TAILPIECE: third man in a quandary.

L.K. Advani, formally the Leader of the Opposition in Parliament, and informally the head of the Bhartiya Janata Party, is past eighty. So, come on India, I ain’t got much time. By general consensus, I am the cunningest of them all, so make me Prime Minister please any which way you like. If it is the Hindutva hardliner you like, such I am; if some secular façade be needed, remember I went to say hello to Jinnah!

And do not forget that that Justice Liberhan Commission which has been looking into my (Advani’s, that is, folks) culpability in the crime of the demolition of the Babri mosque, and the courts in Lucknow and Bareilly doing the same, could soon turn in a verdict of guilty. Then what happens, I ask you?

Surely, the only best way to forestall all that is that you make me Prime Minister first.
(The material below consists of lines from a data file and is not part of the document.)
lemma skew_symmetric_onD: "skew_symmetric_on I a \<Longrightarrow> i \<in> I \<Longrightarrow> j \<in> I \<Longrightarrow> a j i = - a i j"
  unfolding skew_symmetric_on_def by blast

lemma skew_symmetric_if_orthogonal_square_minus_one:
  fixes a :: "'i \<Rightarrow> 'i \<Rightarrow> 'a::comm_ring_1"
  assumes "finite I"
    and sq: "\<And>p q. p \<in> I \<Longrightarrow> q \<in> I \<Longrightarrow> (\<Sum>k\<in>I. a p k * a k q) = (if p = q then -1 else 0)"
    and orth: "\<And>p q. p \<in> I \<Longrightarrow> q \<in> I \<Longrightarrow> (\<Sum>k\<in>I. a p k * a q k) = (if p = q then 1 else 0)"
  shows "skew_symmetric_on I a"
  unfolding skew_symmetric_on_def
proof (intro ballI)
  fix i j assume i: "i \<in> I" and j: "j \<in> I"
  have "(\<Sum>k\<in>I. (\<Sum>l\<in>I. a i l * a l k) * a j k) = (\<Sum>k\<in>I. if i = k then - a j k else 0)"
    using i by (intro sum.cong) (simp_all add: sq)
  then have "- a j i = (\<Sum>k\<in>I. (\<Sum>l\<in>I. a i l * a l k) * a j k)"
    using \<open>finite I\<close> i by simp
  also have "\<dots> = (\<Sum>k\<in>I. \<Sum>l\<in>I. a i l * (a l k * a j k))"
    by (simp add: sum_distrib_right mult.assoc)
  also have "\<dots> = (\<Sum>l\<in>I. a i l * (\<Sum>k\<in>I. a l k * a j k))"
    by (subst sum.swap) (simp add: sum_distrib_left)
  also have "\<dots> = (\<Sum>l\<in>I. if l = j then a i l else 0)"
    using j by (intro sum.cong) (simp_all add: orth)
  also have "\<dots> = a i j"
    using \<open>finite I\<close> j by simp
  finally show "a j i = - a i j" by (simp add: minus_equation_iff)
qed

lemma sum_split_halves:
  fixes g :: "nat \<Rightarrow> 'a::comm_monoid_add"
  shows "(\<Sum>l\<in>{1..2*m}. g l) = (\<Sum>l\<in>{1..m}. g l) + (\<Sum>j\<in>{1..m}. g (m + j))"
proof -
  have "(\<Sum>l\<in>{1..m+m}. g l) = (\<Sum>l\<in>{1..m}. g l) + (\<Sum>l\<in>{m+1..m+m}. g l)"
    by (rule sum.ub_add_nat) simp
  also have "(\<Sum>l\<in>{m+1..m+m}. g l) = (\<Sum>j\<in>{1..m}. g (m + j))"
    using sum.shift_bounds_cl_nat_ivl[of g 1 m m] by (simp add: add.commute)
  finally show ?thesis by (simp add: mult_2)
qed

lemma sum_sum_antisym_eq_0:
  fixes f :: "'i \<Rightarrow> 'i \<Rightarrow> 'a::linordered_ab_group_add"
  assumes "\<And>t j. t \<in> A \<Longrightarrow> j \<in> A \<Longrightarrow> f t j = - f j t"
  shows "(\<Sum>t\<in>A. \<Sum>j\<in>A. f t j) = 0"
proof -
  have "(\<Sum>t\<in>A. \<Sum>j\<in>A. f t j) = (\<Sum>t\<in>A. \<Sum>j\<in>A. - f j t)"
    by (intro sum.cong refl assms)
  also have "\<dots> = - (\<Sum>t\<in>A. \<Sum>j\<in>A. f j t)"
    by (simp only: sum_negf)
  also have "(\<Sum>t\<in>A. \<Sum>j\<in>A. f j t) = (\<Sum>j\<in>A. \<Sum>t\<in>A. f j t)"
    by (rule sum.swap)
  finally show ?thesis by simp
qed

subsection \<open>Orthogonal skew-symmetric matrices with a vanishing diagonal block\<close>

context
  fixes a :: "nat \<Rightarrow> nat \<Rightarrow> real" and m :: nat
  assumes skew: "skew_symmetric_on {1..2*m} a"
    and orth: "\<And>p q. p \<in> {1..2*m} \<Longrightarrow> q \<in> {1..2*m} \<Longrightarrow>
                 (\<Sum>l\<in>{1..2*m}. a p l * a q l) = (if p = q then 1 else 0)"
    and lower_right: "\<And>i j. i \<in> {1..m} \<Longrightarrow> j \<in> {1..m} \<Longrightarrow> a (m+i) (m+j) = 0"
begin

lemma upper_right_columns_orthonormal:
  assumes i: "i \<in> {1..m}" and k: "k \<in> {1..m}"
  shows "(\<Sum>j\<in>{1..m}. a j (m+i) * a j (m+k)) = (if i = k then 1 else 0)"
proof -
  have "(if i = k then 1 else 0) = (\<Sum>l\<in>{1..2*m}. a (m+i) l * a (m+k) l)"
    using orth[of "m+i" "m+k"] i k by simp
  also have "\<dots> = (\<Sum>l\<in>{1..m}. a (m+i) l * a (m+k) l)"
    unfolding sum_split_halves using i k by (simp add: lower_right)
  also have "\<dots> = (\<Sum>j\<in>{1..m}. a j (m+i) * a j (m+k))"
  proof (rule sum.cong)
    fix j assume "j \<in> {1..m}"
    then have "a (m+i) j = - a j (m+i)" "a (m+k) j = - a j (m+k)"
      using i k by (auto intro: skew_symmetric_onD[OF skew])
    then show "a (m+i) j * a (m+k) j = a j (m+i) * a j (m+k)" by simp
  qed simp
  finally show ?thesis ..
qed

lemma upper_left_block_zero:
  assumes i: "i \<in> {1..m}" and j: "j \<in> {1..m}"
  shows "a i j = 0"
proof -
  let ?M = "{1..m}"
  have row_norm: "(\<Sum>l\<in>?M. a p l * a p l) = 1 - (\<Sum>k\<in>?M. a p (m+k) * a p (m+k))"
    if "p \<in> ?M" for p
    using orth[of p p] that unfolding sum_split_halves by (simp add: eq_diff_eq)
  have "(\<Sum>p\<in>?M. \<Sum>l\<in>?M. a p l * a p l) = (\<Sum>p\<in>?M. 1 - (\<Sum>k\<in>?M. a p (m+k) * a p (m+k)))"
    using row_norm by (rule sum.cong[OF refl])
  also have "\<dots> = card ?M - (\<Sum>k\<in>?M. \<Sum>p\<in>?M. a p (m+k) * a p (m+k))"
    by (simp add: sum_subtractf) (rule sum.swap)
  also have "(\<Sum>k\<in>?M. \<Sum>p\<in>?M. a p (m+k) * a p (m+k)) = (\<Sum>k\<in>?M. 1)"
    using upper_right_columns_orthonormal by (intro sum.cong) auto
  finally have "(\<Sum>p\<in>?M. \<Sum>l\<in>?M. a p l * a p l) = 0" by simp
  with i have "(\<Sum>l\<in>?M. a i l * a i l) = 0"
    by (simp add: sum_nonneg_eq_0_iff sum_nonneg)
  with j show ?thesis
    by (simp add: sum_nonneg_eq_0_iff)
qed

lemma upper_right_rows_orthonormal:
  assumes i: "i \<in> {1..m}" and k: "k \<in> {1..m}"
  shows "(\<Sum>j\<in>{1..m}. a i (m+j) * a k (m+j)) = (if i = k then 1 else 0)"
proof -
  have "(\<Sum>l\<in>{1..m}. a i l * a k l) = 0"
    using upper_left_block_zero[OF i] by simp
  then show ?thesis
    using orth[of i k] i k unfolding sum_split_halves by simp
qed

end

subsection \<open>The Lie algebra and the Kaehler form in coordinates\<close>

lemma dimh_eq: "dimh n = 2 * (n+1)"
  by (simp add: dimh_def)

definition hbasis :: "nat \<Rightarrow> nat \<Rightarrow> real" where
  "hbasis p = (\<lambda>k. if k = p then 1 else 0)"

lemma hvec_hbasis: "p \<in> {1..dimh n} \<Longrightarrow> hvec n (hbasis p)"
  by (auto simp: hvec_def hbasis_def)

lemma sum_mult_hbasis: "finite A \<Longrightarrow> p \<in> A \<Longrightarrow> (\<Sum>j\<in>A. f j * hbasis p j) = f p"
  by (simp add: hbasis_def if_distrib[of "\<lambda>x. _ * x"] cong: if_cong)

lemma Jop_hbasis:
  "p \<in> {1..dimh n} \<Longrightarrow> Jop n a (hbasis p) = (\<lambda>j. if j \<in> {1..dimh n} then a p j else 0)"
  by (simp add: Jop_def hbasis_def if_distrib[of "\<lambda>x. x * _"] cong: if_cong)

lemma hmetric_hbasis:
  "p \<in> {1..dimh n} \<Longrightarrow> q \<in> {1..dimh n} \<Longrightarrow>
    hmetric n (hbasis p) (hbasis q) = (if p = q then 1 else 0)"
  by (simp add: hmetric_def hbasis_def if_distrib[of "\<lambda>x. x * _"] cong: if_cong)

lemma matrix_of_orthogonal_complex_structure:
  assumes Jsq: "\<forall>X. hvec n X \<longrightarrow> Jop n a (Jop n a X) = (\<lambda>k. - X k)"
    and Jorth: "\<forall>X Y. hvec n X \<longrightarrow> hvec n Y \<longrightarrow> hmetric n (Jop n a X) (Jop n a Y) = hmetric n X Y"
    and p: "p \<in> {1..dimh n}" and q: "q \<in> {1..dimh n}"
  shows "(\<Sum>k\<in>{1..dimh n}. a p k * a k q) = (if p = q then -1 else 0)"
    and "(\<Sum>k\<in>{1..dimh n}. a p k * a q k) = (if p = q then 1 else 0)"
proof -
  let ?I = "{1..dimh n}"
  have "Jop n a (Jop n a (hbasis p)) q = - hbasis p q"
    using Jsq hvec_hbasis[OF p] by simp
  moreover have "Jop n a (Jop n a (hbasis p)) q = (\<Sum>k\<in>?I. a p k * a k q)"
    using q unfolding Jop_hbasis[OF p] by (simp add: Jop_def cong: if_cong)
  ultimately show "(\<Sum>k\<in>?I. a p k * a k q) = (if p = q then -1 else 0)"
    by (auto simp: hbasis_def)
  have "hmetric n (Jop n a (hbasis p)) (Jop n a (hbasis q)) = hmetric n (hbasis p) (hbasis q)"
    using Jorth hvec_hbasis p q by blast
  then show "(\<Sum>k\<in>?I. a p k * a q k) = (if p = q then 1 else 0)"
    unfolding Jop_hbasis[OF p] Jop_hbasis[OF q] hmetric_hbasis[OF p q]
    by (simp add: hmetric_def cong: if_cong)
qed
And that wretched monster, Democracy, is still unlikely to oblige. Indeed, in nearly all polls conducted over the years on the question as to who are the fit candidates for the post (of Prime Minister), Advani has usually brought up the rear between one and nine per cent—cuttingly, below even that neophyte, Rahul Gandhi.

Which is why the classes invariably say how democracy is always inimical to merit, and has neither eyes to see nor a brain to consider.

And the people? They surely need to be changed, in both great Democracies of the world—America and India. Else, better that the aliens come.